* _DATASET CONTENT_:

(* Let $b\ge 1$, $d=b+1$, $n=2b$, and let $f,g:\mathbb{F}_2^d\to\mathbb{F}_2$ be nonlinear bipermutive local rules whose no-boundary CA $F,G:\mathbb{F}_2^{2b}\to\mathbb{F}_2^b$ form a pair of orthogonal CA, with superposition S-box $H:\mathbb{F}_2^n\to\mathbb{F}_2^n$. Let $v=(v_1,\dots,v_n)\in\mathbb{F}_2^n\setminus\{\underline 0\}$ with $nl(v\cdot H)=0$. (i) If $v_b=v_n=0$, then the right shift $v'=(0,v_1,\dots,v_{n-1})$ satisfies $nl(v'\cdot H)=0$. (ii) If $v_1=v_{b+1}=0$, then the left shift $v'=(v_2,\dots,v_n,0)$ satisfies $nl(v'\cdot H)=0$.
   Context: A local rule $f:\mathbb{F}_2^d\to\mathbb{F}_2$ is bipermutive if $f(x_1,\dots,x_d)=x_1\oplus\varphi(x_2,\dots,x_{d-1})\oplus x_d$ for some $\varphi:\mathbb{F}_2^{d-2}\to\mathbb{F}_2$; it is nonlinear if its algebraic degree is at least 2. With $b=d-1$, the no-boundary CA of $f$ is $F:\mathbb{F}_2^{2b}\to\mathbb{F}_2^b$, $F(x)_i=f(x_i,\dots,x_{i+b})$, $i=1,\dots,b$; it defines the $2^b\times 2^b$ Latin square with entry $F(x\|y)$ at row $x$, column $y$ ($x,y\in\mathbb{F}_2^b$, $\|$ = concatenation). $F,G$ with bipermutive rules of equal diameter are orthogonal if $(x,y)\mapsto(F(x\|y),G(x\|y))$ is a bijection of $\mathbb{F}_2^b\times\mathbb{F}_2^b$. The superposition S-box is $H(x)=F(x)\|G(x)$, i.e. $H(x)_i=f(x_i,\dots,x_{i+b})$, $H(x)_{b+i}=g(x_i,\dots,x_{i+b})$ for $i=1,\dots,b$. The component function is $v\cdot H(x)=\bigoplus_i v_iH(x)_i$, and $nl(h)$ is the minimum Hamming distance of $h$ to the affine Boolean functions ($nl(h)=0$ iff $h$ is affine). *)

theory Defs
  imports Main
begin

text \<open>F_2 is modelled by bool (addition = xor, i.e. \<noteq>; multiplication = \<and>).
  Vectors of F_2^m are bool lists of length m; the paper's 1-based coordinate
  x_i is the list entry x ! (i-1).\<close>

definition vecs :: "nat \<Rightarrow> bool list set" where
  "vecs m = {xs. length xs = m}"

definition dotp :: "bool list \<Rightarrow> bool list \<Rightarrow> bool" where
  "dotp u w = odd (card {i. i < length u \<and> u ! i \<and> w ! i})"

definition affine_fun :: "nat \<Rightarrow> bool list \<Rightarrow> bool \<Rightarrow> bool list \<Rightarrow> bool" where
  "affine_fun m a c = (\<lambda>x. c \<noteq> dotp a x)"

definition hdist :: "nat \<Rightarrow> (bool list \<Rightarrow> bool) \<Rightarrow> (bool list \<Rightarrow> bool) \<Rightarrow> nat" where
  "hdist m h k = card {x \<in> vecs m. h x \<noteq> k x}"

definition nl :: "nat \<Rightarrow> (bool list \<Rightarrow> bool) \<Rightarrow> nat" where
  "nl m h = Min {hdist m h (affine_fun m a c) | a c. a \<in> vecs m}"

text \<open>Algebraic degree via the algebraic normal form: the ANF coefficient of the
  monomial x^u is the xor of h(x) over all x \<le> u (componentwise).\<close>

definition below :: "bool list \<Rightarrow> bool list \<Rightarrow> bool" where
  "below x u = (\<forall>i < length x. x ! i \<longrightarrow> u ! i)"

definition anf_coeff :: "nat \<Rightarrow> (bool list \<Rightarrow> bool) \<Rightarrow> bool list \<Rightarrow> bool" where
  "anf_coeff m h u = odd (card {x \<in> vecs m. below x u \<and> h x})"

definition hweight :: "bool list \<Rightarrow> nat" where
  "hweight u = card {i. i < length u \<and> u ! i}"

definition alg_deg :: "nat \<Rightarrow> (bool list \<Rightarrow> bool) \<Rightarrow> nat" where
  "alg_deg m h = Max (insert 0 {hweight u | u. u \<in> vecs m \<and> anf_coeff m h u})"

definition nonlinear :: "nat \<Rightarrow> (bool list \<Rightarrow> bool) \<Rightarrow> bool" where
  "nonlinear d f = (alg_deg d f \<ge> 2)"

definition bipermutive :: "nat \<Rightarrow> (bool list \<Rightarrow> bool) \<Rightarrow> bool" where
  "bipermutive d f = (\<exists>\<phi> :: bool list \<Rightarrow> bool. \<forall>x \<in> vecs d.
      f x = ((x ! 0 \<noteq> \<phi> (take (d - 2) (drop 1 x))) \<noteq> x ! (d - 1)))"

definition nbca :: "nat \<Rightarrow> (bool list \<Rightarrow> bool) \<Rightarrow> bool list \<Rightarrow> bool list" where
  "nbca b f x = map (\<lambda>i. f (take (b + 1) (drop i x))) [0..<b]"

definition orthogonal_ca :: "nat \<Rightarrow> (bool list \<Rightarrow> bool) \<Rightarrow> (bool list \<Rightarrow> bool) \<Rightarrow> bool" where
  "orthogonal_ca b f g = bij_betw (\<lambda>(x, y). (nbca b f (x @ y), nbca b g (x @ y)))
      (vecs b \<times> vecs b) (vecs b \<times> vecs b)"

definition sbox :: "nat \<Rightarrow> (bool list \<Rightarrow> bool) \<Rightarrow> (bool list \<Rightarrow> bool) \<Rightarrow> bool list \<Rightarrow> bool list" where
  "sbox b f g x = nbca b f x @ nbca b g x"

end

theory Submission
  imports Defs
begin

(* Write sl x = (x_2, ..., x_n, 0) and sr x = (0, x_1, ..., x_(n-1)).  For i < b the
   coordinates F(x)_(i+1) and F(sl x)_i read the same window of x, and likewise for G;
   hence the right shift v' of v satisfies v'.H(x) = v.H(sl x) as soon as v_b = v_n = 0,
   the weights of F(sl x)_b and G(sl x)_b, the only coordinates reading the padding cell.  Since sl is linear with adjoint sr,
   composing the affine function v.H with sl is again affine. *)

lemma finite_vecs: "finite (vecs m)"
proof -
  have "vecs m = {l. set l \<subseteq> (UNIV :: bool set) \<and> length l = m}"
    by (auto simp: vecs_def)
  then show ?thesis
    using finite_lists_length_eq[of "UNIV :: bool set" m] by simp
qed

lemma dotp_Nil [simp]: "dotp [] w = False"
  by (simp add: dotp_def)

lemma dotp_Cons: "dotp (a # u) (c # w) = ((a \<and> c) \<noteq> dotp u w)"
proof -
  have "{i. i < length (a # u) \<and> (a # u) ! i \<and> (c # w) ! i}
      = (if a \<and> c then {0} else {}) \<union> Suc ` {i. i < length u \<and> u ! i \<and> w ! i}"
    by (auto simp: less_Suc_eq_0_disj)
  moreover have "finite {i. i < length u \<and> u ! i \<and> w ! i}"
    by simp
  ultimately show ?thesis
    by (cases "a \<and> c") (auto simp: dotp_def card_image)
qed

lemma dotp_append:
  "length u\<^sub>1 = length w\<^sub>1 \<Longrightarrow> dotp (u\<^sub>1 @ u\<^sub>2) (w\<^sub>1 @ w\<^sub>2) = (dotp u\<^sub>1 w\<^sub>1 \<noteq> dotp u\<^sub>2 w\<^sub>2)"
  by (induction u\<^sub>1 w\<^sub>1 rule: list_induct2) (auto simp: dotp_Cons)

lemma dotp_tl_snoc:
  assumes "length u = length w" and "w \<noteq> []"
  shows "dotp u (tl w @ [c]) = (dotp (False # butlast u) w \<noteq> (last u \<and> c))"
proof -
  have "u \<noteq> []" and "w = hd w # tl w"
    using assms by auto
  then have "dotp u (tl w @ [c]) = dotp (butlast u @ [last u]) (tl w @ [c])"
    by simp
  also have "\<dots> = (dotp (butlast u) (tl w) \<noteq> (last u \<and> c))"
    using assms by (simp add: dotp_append dotp_Cons)
  also have "dotp (butlast u) (tl w) = dotp (False # butlast u) w"
    using \<open>w = hd w # tl w\<close> by (metis dotp_Cons)
  finally show ?thesis .
qed

lemma dotp_Cons_butlast:
  assumes "length u = length w" and "w \<noteq> []"
  shows "dotp u (c # butlast w) = (dotp (tl u @ [False]) w \<noteq> (hd u \<and> c))"
proof -
  have "u = hd u # tl u" and "w = butlast w @ [last w]"
    using assms by (metis length_0_conv list.collapse, simp)
  then have "dotp u (c # butlast w) = ((hd u \<and> c) \<noteq> dotp (tl u) (butlast w))"
    by (metis dotp_Cons)
  also have "dotp (tl u) (butlast w) = dotp (tl u @ [False]) w"
    using assms \<open>w = butlast w @ [last w]\<close> by (metis dotp_append dotp_Cons dotp_Nil length_butlast length_tl)
  finally show ?thesis by auto
qed

lemma nl_eq_0_iff:
  "nl m h = 0 \<longleftrightarrow> (\<exists>a\<in>vecs m. \<exists>c. \<forall>x\<in>vecs m. h x = (c \<noteq> dotp a x))"
proof -
  let ?D = "{hdist m h (affine_fun m a c) | a c. a \<in> vecs m}"
  have "?D \<subseteq> (\<lambda>(a, c). hdist m h (affine_fun m a c)) ` (vecs m \<times> UNIV)"
    by auto
  moreover have "finite (vecs m \<times> (UNIV :: bool set))"
    using finite_vecs by simp
  ultimately have "finite ?D"
    by (rule finite_subset[OF _ finite_imageI])
  moreover have "replicate m False \<in> vecs m"
    by (simp add: vecs_def)
  then have "?D \<noteq> {}"
    by blast
  moreover have "hdist m h (affine_fun m a c) = 0 \<longleftrightarrow> (\<forall>x\<in>vecs m. h x = (c \<noteq> dotp a x))"
    for a c
    using finite_vecs[of m] by (auto simp: hdist_def affine_fun_def)
  ultimately show ?thesis
    unfolding nl_def by (auto simp: Min_eq_iff)
qed

lemma nl_eq_0_comp_linear:
  assumes "nl m h = 0"
    and "\<And>x. x \<in> vecs m \<Longrightarrow> s x \<in> vecs m"
    and "\<And>a. a \<in> vecs m \<Longrightarrow> t a \<in> vecs m"
    and "\<And>a x. a \<in> vecs m \<Longrightarrow> x \<in> vecs m \<Longrightarrow> dotp a (s x) = dotp (t a) x"
    and "\<And>x. x \<in> vecs m \<Longrightarrow> h' x = h (s x)"
  shows "nl m h' = 0"
proof -
  obtain a c where "a \<in> vecs m" and "\<forall>x\<in>vecs m. h x = (c \<noteq> dotp a x)"
    using assms(1) by (auto simp: nl_eq_0_iff)
  then have "t a \<in> vecs m" and "\<forall>x\<in>vecs m. h' x = (c \<noteq> dotp (t a) x)"
    using assms(2-5) by auto
  then show ?thesis
    by (auto simp: nl_eq_0_iff)
qed

lemma length_nbca [simp]: "length (nbca b f x) = b"
  by (simp add: nbca_def)

lemma butlast_nbca_shift_left:
  assumes "length x = 2 * b"
  shows "butlast (nbca b f (tl x @ [False])) = tl (nbca b f x)"
proof -
  have "take (b + 1) (drop i (tl x @ [False])) = take (b + 1) (drop (Suc i) x)" if "i < b - 1" for i
    using that assms by (simp add: drop_Suc)
  then show ?thesis
    by (intro nth_equalityI) (auto simp: nbca_def nth_butlast nth_tl)
qed

lemma tl_nbca_shift_right:
  assumes "length x = 2 * b"
  shows "tl (nbca b f (False # butlast x)) = butlast (nbca b f x)"
proof -
  have "take (b + 1) (drop (Suc i) (False # butlast x)) = take (b + 1) (drop i x)" if "i < b - 1" for i
    using that assms by (simp add: butlast_drop[symmetric] take_butlast)
  then show ?thesis
    by (intro nth_equalityI) (auto simp: nbca_def nth_butlast nth_tl simp del: drop_Suc_Cons)
qed

lemma dotp_nbca_shift_left:
  assumes "length u = b" and "length x = 2 * b" and "b \<ge> 1" and "\<not> last u"
  shows "dotp u (nbca b f (tl x @ [False])) = dotp (False # butlast u) (nbca b f x)"
proof -
  let ?w = "nbca b f (tl x @ [False])"
  have "nbca b f x \<noteq> []" and "?w \<noteq> []"
    using assms(3) by (auto simp flip: length_0_conv)
  then have "?w = tl (nbca b f x) @ [last ?w]"
    using butlast_nbca_shift_left[OF assms(2)] by (metis append_butlast_last_id)
  then have "dotp u ?w = dotp u (tl (nbca b f x) @ [last ?w])"
    by simp
  also have "\<dots> = dotp (False # butlast u) (nbca b f x)"
    using assms \<open>nbca b f x \<noteq> []\<close> by (simp add: dotp_tl_snoc)
  finally show ?thesis .
qed

lemma dotp_nbca_shift_right:
  assumes "length u = b" and "length x = 2 * b" and "b \<ge> 1" and "\<not> hd u"
  shows "dotp u (nbca b f (False # butlast x)) = dotp (tl u @ [False]) (nbca b f x)"
proof -
  let ?w = "nbca b f (False # butlast x)"
  have "nbca b f x \<noteq> []" and "?w \<noteq> []"
    using assms(3) by (auto simp flip: length_0_conv)
  then have "?w = hd ?w # butlast (nbca b f x)"
    using tl_nbca_shift_right[OF assms(2)] by (metis list.collapse)
  then have "dotp u ?w = dotp u (hd ?w # butlast (nbca b f x))"
    by simp
  also have "\<dots> = dotp (tl u @ [False]) (nbca b f x)"
    using assms \<open>nbca b f x \<noteq> []\<close> by (simp add: dotp_Cons_butlast)
  finally show ?thesis .
qed

lemma dotp_sbox:
  assumes "length v = 2 * b"
  shows "dotp v (sbox b f g x) = (dotp (take b v) (nbca b f x) \<noteq> dotp (drop b v) (nbca b g x))"
  using assms dotp_append[of "take b v" "nbca b f x" "drop b v" "nbca b g x"]
  by (simp add: sbox_def)

lemma dotp_sbox_shift_left:
  assumes "length v = 2 * b" and "length x = 2 * b" and "b \<ge> 1"
    and "\<not> v ! (b - 1)" and "\<not> v ! (2 * b - 1)"
  shows "dotp (False # butlast v) (sbox b f g x) = dotp v (sbox b f g (tl x @ [False]))"
proof -
  have "take b (False # butlast v) = False # butlast (take b v)"
    using assms(1,3) by (cases b) (auto simp: butlast_take take_butlast)
  moreover have "drop (b - 1) v = v ! (b - 1) # drop b v" and "drop b v \<noteq> []"
    using assms(1,3) Cons_nth_drop_Suc[of "b - 1" v] by auto
  then have "drop b (False # butlast v) = False # butlast (drop b v)"
    using assms(3,4) by (cases b) (auto simp: butlast_drop[symmetric])
  moreover have "last (take b v) = v ! (b - 1)" and "last (drop b v) = v ! (2 * b - 1)"
    using assms(1,3) by (cases b, simp_all add: take_Suc_conv_app_nth last_conv_nth mult_2)
  ultimately show ?thesis
    using assms by (simp add: dotp_sbox dotp_nbca_shift_left)
qed

lemma dotp_sbox_shift_right:
  assumes "length v = 2 * b" and "length x = 2 * b" and "b \<ge> 1"
    and "\<not> v ! 0" and "\<not> v ! b"
  shows "dotp (tl v @ [False]) (sbox b f g x) = dotp v (sbox b f g (False # butlast x))"
proof -
  have drop_v: "drop b v = v ! b # drop (Suc b) v"
    using assms(1,3) by (intro Cons_nth_drop_Suc[symmetric]) simp
  moreover have "take b v \<noteq> []"
    using assms(1,3) by (auto simp flip: length_0_conv)
  then have "tl v = tl (take b v) @ drop b v"
    by (metis append_take_drop_id tl_append2)
  ultimately have split_v: "tl v @ [False] = (tl (take b v) @ [False]) @ (tl (drop b v) @ [False])"
    using assms(5) by simp
  have "hd (take b v) = v ! 0" and "hd (drop b v) = v ! b"
    using assms(1,3) by (auto simp: hd_drop_conv_nth hd_conv_nth simp flip: length_0_conv)
  then have halves: "dotp (take b v) (nbca b f (False # butlast x)) = dotp (tl (take b v) @ [False]) (nbca b f x)"
    "dotp (drop b v) (nbca b g (False # butlast x)) = dotp (tl (drop b v) @ [False]) (nbca b g x)"
    using assms by (simp_all add: dotp_nbca_shift_right)
  have "length (tl (take b v) @ [False]) = length (nbca b f x)"
    using assms(1,3) by simp
  then have "dotp (tl v @ [False]) (sbox b f g x)
      = (dotp (tl (take b v) @ [False]) (nbca b f x) \<noteq> dotp (tl (drop b v) @ [False]) (nbca b g x))"
    unfolding split_v sbox_def by (rule dotp_append)
  also have "\<dots> = dotp v (sbox b f g (False # butlast x))"
    unfolding dotp_sbox[OF assms(1)] halves ..
  finally show ?thesis .
qed

theorem lemma3:
  fixes b :: nat and f g :: "bool list \<Rightarrow> bool" and v :: "bool list"
  assumes "b \<ge> 1"
    and "bipermutive (b + 1) f" and "nonlinear (b + 1) f"
    and "bipermutive (b + 1) g" and "nonlinear (b + 1) g"
    and "orthogonal_ca b f g"
    and "v \<in> vecs (2 * b)" and "v \<noteq> replicate (2 * b) False"
    and "nl (2 * b) (\<lambda>x. dotp v (sbox b f g x)) = 0"
  shows "(\<not> v ! (b - 1) \<and> \<not> v ! (2 * b - 1) \<longrightarrow>
            nl (2 * b) (\<lambda>x. dotp (False # butlast v) (sbox b f g x)) = 0)
       \<and> (\<not> v ! 0 \<and> \<not> v ! b \<longrightarrow>
            nl (2 * b) (\<lambda>x. dotp (tl v @ [False]) (sbox b f g x)) = 0)"
proof -
  have v: "length v = 2 * b"
    using assms(7) by (simp add: vecs_def)
  have nonempty: "x \<in> vecs (2 * b) \<Longrightarrow> x \<noteq> []" for x
    using assms(1) by (auto simp: vecs_def)
  show ?thesis
  proof (intro conjI impI)
    assume "\<not> v ! (b - 1) \<and> \<not> v ! (2 * b - 1)"
    then show "nl (2 * b) (\<lambda>x. dotp (False # butlast v) (sbox b f g x)) = 0"
      using v assms(1) nonempty
      by (intro nl_eq_0_comp_linear[OF assms(9), where s = "\<lambda>x. tl x @ [False]"
          and t = "\<lambda>a. False # butlast a"])
        (auto simp: vecs_def dotp_sbox_shift_left dotp_tl_snoc)
  next
    assume "\<not> v ! 0 \<and> \<not> v ! b"
    then show "nl (2 * b) (\<lambda>x. dotp (tl v @ [False]) (sbox b f g x)) = 0"
      using v assms(1) nonempty
      by (intro nl_eq_0_comp_linear[OF assms(9), where s = "\<lambda>x. False # butlast x"
          and t = "\<lambda>a. tl a @ [False]"])
        (auto simp: vecs_def dotp_sbox_shift_right dotp_Cons_butlast)
  qed
qed

end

* _WORK TASK_:
All lines above between those holding "simp: dotp_def card_image)" and "(dotp (butlast u)", inclusive, must be set down unchanged, and no other line may be included.

* _ANSWER AREA_:
    by (cases "a \<and> c") (auto simp: dotp_def card_image)
qed

lemma dotp_append:
  "length u\<^sub>1 = length w\<^sub>1 \<Longrightarrow> dotp (u\<^sub>1 @ u\<^sub>2) (w\<^sub>1 @ w\<^sub>2) = (dotp u\<^sub>1 w\<^sub>1 \<noteq> dotp u\<^sub>2 w\<^sub>2)"
  by (induction u\<^sub>1 w\<^sub>1 rule: list_induct2) (auto simp: dotp_Cons)

lemma dotp_tl_snoc:
  assumes "length u = length w" and "w \<noteq> []"
  shows "dotp u (tl w @ [c]) = (dotp (False # butlast u) w \<noteq> (last u \<and> c))"
proof -
  have "u \<noteq> []" and "w = hd w # tl w"
    using assms by auto
  then have "dotp u (tl w @ [c]) = dotp (butlast u @ [last u]) (tl w @ [c])"
    by simp
  also have "\<dots> = (dotp (butlast u) (tl w) \<noteq> (last u \<and> c))"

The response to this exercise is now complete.